Laurie Sawle AM

Personal information
- Full name: Lawrence Michael Sawle
- Born: 19 August 1925 East Fremantle, Western Australia
- Died: 26 July 2022 (aged 96) Perth, Western Australia
- Nickname: The Colonel
- Batting: Left-handed
- Role: Opening batsman

Domestic team information
- 1954/55–1960/61: Western Australia

Career statistics
| Competition | First-class |
| Matches | 35 |
| Runs scored | 1,701 |
| Batting average | 28.83 |
| 100s/50s | 1/9 |
| Top score | 109* |
| Balls bowled | 19 |
| Wickets | 0 |
| Bowling average | – |
| 5 wickets in innings | – |
| 10 wickets in match | – |
| Best bowling | – |
| Catches/stumpings | 19/– |
- Source: ESPNcricinfo, 6 February 2018

= Laurie Sawle =

Australian cricketer (1925–2022)

Lawrence Michael Sawle (19 August 1925 – 26 July 2022) was an Australian first-class cricketer and administrator for the Australia national cricket team.

Sawle was born in East Fremantle, Western Australia, in August 1925. He served in the 7th Australian Infantry Battalion during the Second World War. He enlisted in January 1944 and served until July 1946. He saw action on Bougainville.

He played for Western Australia from 1954–55 to 1960–61 as a patient opening batsman. His highest score was 109 not out, when he led the successful struggle to save the Sheffield Shield match against New South Wales in 1955–56.

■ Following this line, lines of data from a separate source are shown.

lemma card_B:
  assumes "i \<in> {2..k}"
  shows "card (B i) = inst_n k i div 2"
proof -
  have "card (\<Union>j\<in>{1..<i}. Ms j) = (\<Sum>j\<in>{1..<i}. inst_m k j)"
    using assms finite_Ms card_Ms disjoint_family_onD[OF Ms_disj]
    by (subst card_UN_disjoint) auto
  moreover have "(\<Union>j\<in>{1..<i}. Ms j) \<inter> T i = {}"
    using disjoint_family_on_UN_below[OF Ms_disj, of i] assms T_subset[of i] Ms_eq[of i] by auto
  moreover have "finite (T i)"
    using assms T_sub finite_M1_M2 finite_subset by blast
  ultimately show ?thesis
    unfolding B_def using assms finite_Ms T_sub sum_inst_m_below_le[OF k2, of i]
    by (simp add: card_Un_disjoint)
qed

lemma lower_blocks_eq:
  assumes "i \<in> {2..k}"
  shows "(\<Union>j\<in>{1..i}. Ms j) = B i \<union> (M1 i - T i) \<union> M2 i"
proof -
  have "{1..i} = insert i {1..<i}"
    using assms by auto
  then show ?thesis
    unfolding B_def using assms Ms_split T_sub by auto
qed

lemma lower_blocks_disjoint_parts:
  assumes "i \<in> {2..k}"
  shows "B i \<inter> (M1 i - T i) = {}" "(B i \<union> (M1 i - T i)) \<inter> M2 i = {}"
  unfolding B_def
  using assms disjoint_family_on_UN_below[OF Ms_disj, of i] Ms_eq[of i] M1_M2_disjoint[of i] T_subset[of i]
  by auto

context
  fixes i a
  assumes i: "i \<in> {1..k}" and a: "a \<in> G i"
begin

Sawle had a distinguished career as state selector from 1961–62 to 1979–80, then as a senior WACA administrator, director of the Australian Cricket Board and chairman of selectors for the national team from 1994 to 1997. In his state selector role, Sawle partnered with Allan Edwards and Wally Langdon during the Western Australian team's most successful years. He managed the Australian cricket team in England in 1989, when Australia regained The Ashes.

Sawle worked as a school teacher. He was awarded the AM in 1992 for service to cricket administration, and also received the Australian Sports Medal, the Centenary Medal and the ICC Volunteer Recognition Medal. He and his wife had three children. He died in Perth on 26 July 2022, at the age of 96.